lemma hj_defect_ends_2:
  assumes "mid \<noteq> []" "\<forall>n\<in>set mid. n \<ge> 2"
  shows "hj_defect (2 # mid @ [2]) \<ge> 2"
proof -
  obtain m p q r where prod: "hj_product mid = Mat2 m p q r" by (cases "hj_product mid")
  from hj_product_bounds[OF assms prod] hj_defect_frame[OF prod, of 2 2] show ?thesis
    by (simp add: algebra_simps)
qed

lemma hj_defect_ends_ge_3:
  assumes "mid \<noteq> []" "\<forall>n\<in>set mid. n \<ge> 2" "a \<ge> 3" "c \<ge> 3"
  shows "hj_defect (a # mid @ [c]) \<le> -2"
proof -
  obtain m p q r where prod: "hj_product mid = Mat2 m p q r" by (cases "hj_product mid")
  note bounds = hj_product_bounds[OF assms(1,2) prod]
  define f where "f = hj_defect (a # mid @ [c])"
  have det: "m*r - p*q = 1" using mat2_det_hj_product[of mid] prod by simp
  \<comment> \<open>multiplying by m and eliminating m r with the determinant relation factors the defect\<close>
  have factored: "f*m = m*m + 1 - ((a-1)*m - q) * ((c-1)*m + p)"
  proof -
    have "f*m - (m*m + 1 - ((a-1)*m - q) * ((c-1)*m + p)) = m*r - p*q - 1"
      unfolding f_def hj_defect_frame[OF prod] by (simp add: algebra_simps)
    with det show ?thesis by linarith
  qed
  have m: "m \<ge> 2" using bounds by linarith
  have "2*m \<le> (a-1)*m" "2*m \<le> (c-1)*m" using assms m by (simp_all add: mult_right_mono)
  then have "m + 1 \<le> (a-1)*m - q" "m + 1 \<le> (c-1)*m + p" using bounds by linarith+
  then have "(m+1)*(m+1) \<le> ((a-1)*m - q) * ((c-1)*m + p)"
    using m by (intro mult_mono) auto
  then have "f*m \<le> (-2)*m" using factored by (simp add: algebra_simps)
  then show ?thesis using m unfolding f_def by (simp add: mult_right_le_imp_le)
qed

lemma hj_defect_last_2:
  assumes "mid \<noteq> []"
  shows "hj_defect (a # mid @ [2]) = hj_defect ((a-1) # mid)"
proof -
  obtain m p q r where prod: "hj_product mid = Mat2 m p q r" by (cases "hj_product mid")
  show ?thesis
    using assms continuant_Cons_butlast[OF assms prod, of "a-1"] continuant_frame(1)[OF prod]
      continuant_frame(3)[OF prod, of "a-1"]
      hj_defect_frame[OF prod, of a 2]
    by (simp add: hj_defect_def algebra_simps)
qed

lemma hj_defect_hd_2:
  assumes "mid \<noteq> []"
  shows "hj_defect (2 # mid @ [c]) = hj_defect (mid @ [c-1])"
proof -
  obtain m p q r where prod: "hj_product mid = Mat2 m p q r" by (cases "hj_product mid")
  show ?thesis
    using assms continuant_tl_snoc[OF assms prod, of "c-1"] continuant_frame(1)[OF prod]
      continuant_frame(2)[OF prod, of "c-1"]
      hj_defect_frame[OF prod, of 2 c]
    by (simp add: hj_defect_def algebra_simps)
qed

lemma V_iff_hj_defect:
  "ns \<in> V l \<longleftrightarrow> length ns = l \<and> (\<forall>n\<in>set ns. n \<ge> 2) \<and> -1 \<le> hj_defect ns \<and> hj_defect ns \<le> 1"
proof -
  have "qdet (tl ns) + qdet (butlast ns) - qdet ns = hj_defect ns" if "\<forall>n\<in>set ns. n \<ge> 2"
  proof -
    have "\<forall>n\<in>set (tl ns). n \<ge> 2" "\<forall>n\<in>set (butlast ns). n \<ge> 2"
      using that by (cases ns; auto dest: in_set_butlastD)+
    with that show ?thesis by (simp add: qdet_eq_continuant hj_defect_def)
  qed
  then show ?thesis unfolding V_def by auto
qed

lemma V_ends:
  assumes "ns \<in> V l" "l \<ge> 3"
  obtains a mid c where "ns = a # mid @ [c]" "mid \<noteq> []" "\<forall>n\<in>set mid. n \<ge> 2"
    "(a = 2 \<and> c \<ge> 3) \<or> (a \<ge> 3 \<and> c = 2)"
proof -
  have ns: "length ns = l" "\<forall>n\<in>set ns. n \<ge> 2" "-1 \<le> hj_defect ns" "hj_defect ns \<le> 1"
    using assms(1) V_iff_hj_defect by auto
  obtain a mid c where split: "ns = a # mid @ [c]" "mid \<noteq> []"
    using ns(1) assms(2)
    by (cases ns; cases "tl ns" rule: rev_cases) (auto simp: Suc_le_eq)
  have entries: "\<forall>n\<in>set mid. n \<ge> 2" "a \<ge> 2" "c \<ge> 2" using ns(2) split by auto
  have "\<not> (a = 2 \<and> c = 2)" using hj_defect_ends_2[OF split(2) entries(1)] ns split by auto
  moreover have "\<not> (a \<ge> 3 \<and> c \<ge> 3)"
    using hj_defect_ends_ge_3[OF split(2) entries(1), of a c] ns split by auto
  ultimately show ?thesis using that[OF split entries(1)] entries by fastforce
qed

lemma V_sum_list_ge:
  assumes "ns \<in> V l" "l \<ge> 3"
  shows "sum_list ns \<ge> 3 * int l - 3"
  using assms
proof (induction l arbitrary: ns rule: less_induct)
  case (less l)
  have ns: "length ns = l" "\<forall>n\<in>set ns. n \<ge> 2" "-1 \<le> hj_defect ns" "hj_defect ns \<le> 1"
    using less.prems(1) V_iff_hj_defect by auto
  show ?case
  proof (cases "l = 3")
    case True
    have "sum_list (map (\<lambda>_. 2::int) ns) \<le> sum_list ns"
      using ns(2) by (induction ns) auto
    then show ?thesis using True ns(1) by (simp add: sum_list_triv)
  next
    case False
    obtain a mid c where split: "ns = a # mid @ [c]" "mid \<noteq> []" "\<forall>n\<in>set mid. n \<ge> 2"
      and ends: "(a = 2 \<and> c \<ge> 3) \<or> (a \<ge> 3 \<and> c = 2)"
      using V_ends[OF less.prems] by blast
    obtain ns' where ns': "length ns' = l - 1" "\<forall>n\<in>set ns'. n \<ge> 2"
      "hj_defect ns' = hj_defect ns" "sum_list ns = sum_list ns' + 3"
    proof (cases "a = 2")
      case True
      with ends split ns(1) show ?thesis
        by (intro that[of "mid @ [c-1]"]) (auto simp: hj_defect_hd_2)
    next
      case False
      with ends split ns(1) show ?thesis
        by (intro that[of "(a-1) # mid"]) (auto simp: hj_defect_last_2)
    qed
    have "ns' \<in> V (l - 1)" using ns ns' V_iff_hj_defect by auto
    then have "sum_list ns' \<ge> 3 * int (l - 1) - 3"
      using less.IH[of "l - 1"] less.prems(2) False by simp
    then show ?thesis using ns'(4) less.prems(2) by (simp add: of_nat_diff)
  qed
qed

theorem lemma2p7:
  fixes l :: nat
  assumes "l \<ge> 3"
  shows "(\<forall>ns \<in> V l. \<not> (hd ns = 2 \<and> last ns = 2))
       \<and> (\<forall>ns. length ns = l \<and> (\<forall>n \<in> set ns. n \<ge> 2) \<and> hd ns \<ge> 3 \<and> last ns \<ge> 3 \<longrightarrow> ns \<notin> V l)
       \<and> (\<forall>ns \<in> V l. sum_list ns \<noteq> 3 * int l - 4)"
proof -
  have one_end_2: "(hd ns = 2 \<and> last ns \<ge> 3) \<or> (hd ns \<ge> 3 \<and> last ns = 2)"
    if ns: "ns \<in> V l" for ns
  proof -
    obtain a mid c where "ns = a # mid @ [c]" "(a = 2 \<and> c \<ge> 3) \<or> (a \<ge> 3 \<and> c = 2)"
      using V_ends[OF ns assms] by blast
    then show ?thesis by simp
  qed
  have "\<not> (hd ns = 2 \<and> last ns = 2)" if "ns \<in> V l" for ns
    using one_end_2[OF that] by linarith
  moreover have "ns \<notin> V l" if "hd ns \<ge> 3" "last ns \<ge> 3" for ns
    using one_end_2[of ns] that by linarith
  moreover have "sum_list ns \<noteq> 3 * int l - 4" if "ns \<in> V l" for ns
    using V_sum_list_ge[OF that assms] by linarith
  ultimately show ?thesis by blast
qed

(PROBLEM REQUIREMENTS): Using the listing, copy every line where the word "length" shows up.

(RESPONSE):
  "ns \<in> V l \<longleftrightarrow> length ns = l \<and> (\<forall>n\<in>set ns. n \<ge> 2) \<and> -1 \<le> hj_defect ns \<and> hj_defect ns \<le> 1"
  have ns: "length ns = l" "\<forall>n\<in>set ns. n \<ge> 2" "-1 \<le> hj_defect ns" "hj_defect ns \<le> 1"
  have ns: "length ns = l" "\<forall>n\<in>set ns. n \<ge> 2" "-1 \<le> hj_defect ns" "hj_defect ns \<le> 1"
    obtain ns' where ns': "length ns' = l - 1" "\<forall>n\<in>set ns'. n \<ge> 2"
       \<and> (\<forall>ns. length ns = l \<and> (\<forall>n \<in> set ns. n \<ge> 2) \<and> hd ns \<ge> 3 \<and> last ns \<ge> 3 \<longrightarrow> ns \<notin> V l)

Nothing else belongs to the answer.